- Opening Delimiter -

lemma rmul_word_cls [simp]: "rmul_word (cls v) w = cls (v @ w)"
proof -
  have "v \<in> cls v" by (simp add: cls_def peq_refl)
  then have "(SOME u. u \<in> cls v) \<in> cls v" by (rule someI)
  then have "peq (v @ w) ((SOME u. u \<in> cls v) @ w)"
    using peq_append_cong[of v _ "[]" w] by (simp add: cls_def)
  then show ?thesis
    unfolding rmul_word_def cls_eq_iff by (rule peq_sym)
qed

lemma rmul_word_in_Gamma [simp]: "rmul_word C w \<in> Gamma"
  by (simp add: rmul_word_def)

lemma rmul_word_Nil [simp]: "C \<in> Gamma \<Longrightarrow> rmul_word C [] = C"
  by (erule GammaE) simp

lemma rmul_word_rmul_word [simp]:
  "C \<in> Gamma \<Longrightarrow> rmul_word (rmul_word C u) v = rmul_word C (u @ v)"
  by (erule GammaE) simp

lemma rmul_word_peq: "peq u v \<Longrightarrow> rmul_word C u = rmul_word C v"
  unfolding rmul_word_def cls_eq_iff by (rule peq_append_cong[of _ _ _ "[]", simplified])

lemma rmul_word_append_word_inv [simp]:
  "C \<in> Gamma \<Longrightarrow> rmul_word C (w @ word_inv w) = C"
  "C \<in> Gamma \<Longrightarrow> rmul_word C (word_inv w @ w) = C"
  using rmul_word_peq[OF peq_append_word_inv] rmul_word_peq[OF peq_word_inv_append] by simp_all

lemma rmul_word_cancel [simp]:
  "C \<in> Gamma \<Longrightarrow> rmul_word C [(g, True), (g, False)] = C"
  "C \<in> Gamma \<Longrightarrow> rmul_word C [(g, False), (g, True)] = C"
  using rmul_word_append_word_inv[of C "[(g, True)]"] by (simp_all add: linv_def)

lemmas rmul_word_quotients =
  peq_right_quotients[THEN rmul_word_peq] peq_left_quotients[THEN rmul_word_peq]

definition shift :: "letter list \<Rightarrow> (letter list set \<Rightarrow> complex) \<Rightarrow> letter list set \<Rightarrow> complex" where
  "shift w f = (\<lambda>h. if h \<in> Gamma then f (rmul_word h w) else 0)"

lemma Uop_eq_shift: "Uop g = shift [(g, False)]"
  by (simp add: fun_eq_iff Uop_def shift_def rmul_inv_eq_rmul_word)

lemma l2_vanishes: "f \<in> l2 \<Longrightarrow> h \<notin> Gamma \<Longrightarrow> f h = 0"
  by (simp add: l2_def)

lemma summable_on_rmul_word_iff:
  "(\<lambda>h. F (rmul_word h w)) summable_on Gamma \<longleftrightarrow> F summable_on Gamma"
  by (rule summable_on_reindex_bij_witness[where j = "\<lambda>h. rmul_word h w"
        and i = "\<lambda>h. rmul_word h (word_inv w)"]) auto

- Closing Delimiter -

WORK INSTRUCTION:
Retype the listing exactly. Leave nothing out.

RESULT OF THE TASK:
lemma rmul_word_cls [simp]: "rmul_word (cls v) w = cls (v @ w)"
proof -
  have "v \<in> cls v" by (simp add: cls_def peq_refl)
  then have "(SOME u. u \<in> cls v) \<in> cls v" by (rule someI)
  then have "peq (v @ w) ((SOME u. u \<in> cls v) @ w)"
    using peq_append_cong[of v _ "[]" w] by (simp add: cls_def)
  then show ?thesis
    unfolding rmul_word_def cls_eq_iff by (rule peq_sym)
qed

lemma rmul_word_in_Gamma [simp]: "rmul_word C w \<in> Gamma"
  by (simp add: rmul_word_def)

lemma rmul_word_Nil [simp]: "C \<in> Gamma \<Longrightarrow> rmul_word C [] = C"
  by (erule GammaE) simp

lemma rmul_word_rmul_word [simp]:
  "C \<in> Gamma \<Longrightarrow> rmul_word (rmul_word C u) v = rmul_word C (u @ v)"
  by (erule GammaE) simp

lemma rmul_word_peq: "peq u v \<Longrightarrow> rmul_word C u = rmul_word C v"
  unfolding rmul_word_def cls_eq_iff by (rule peq_append_cong[of _ _ _ "[]", simplified])

lemma rmul_word_append_word_inv [simp]:
  "C \<in> Gamma \<Longrightarrow> rmul_word C (w @ word_inv w) = C"
  "C \<in> Gamma \<Longrightarrow> rmul_word C (word_inv w @ w) = C"
  using rmul_word_peq[OF peq_append_word_inv] rmul_word_peq[OF peq_word_inv_append] by simp_all

lemma rmul_word_cancel [simp]:
  "C \<in> Gamma \<Longrightarrow> rmul_word C [(g, True), (g, False)] = C"
  "C \<in> Gamma \<Longrightarrow> rmul_word C [(g, False), (g, True)] = C"
  using rmul_word_append_word_inv[of C "[(g, True)]"] by (simp_all add: linv_def)

lemmas rmul_word_quotients =
  peq_right_quotients[THEN rmul_word_peq] peq_left_quotients[THEN rmul_word_peq]

definition shift :: "letter list \<Rightarrow> (letter list set \<Rightarrow> complex) \<Rightarrow> letter list set \<Rightarrow> complex" where
  "shift w f = (\<lambda>h. if h \<in> Gamma then f (rmul_word h w) else 0)"

lemma Uop_eq_shift: "Uop g = shift [(g, False)]"
  by (simp add: fun_eq_iff Uop_def shift_def rmul_inv_eq_rmul_word)

lemma l2_vanishes: "f \<in> l2 \<Longrightarrow> h \<notin> Gamma \<Longrightarrow> f h = 0"
  by (simp add: l2_def)

lemma summable_on_rmul_word_iff:
  "(\<lambda>h. F (rmul_word h w)) summable_on Gamma \<longleftrightarrow> F summable_on Gamma"
  by (rule summable_on_reindex_bij_witness[where j = "\<lambda>h. rmul_word h w"
        and i = "\<lambda>h. rmul_word h (word_inv w)"]) auto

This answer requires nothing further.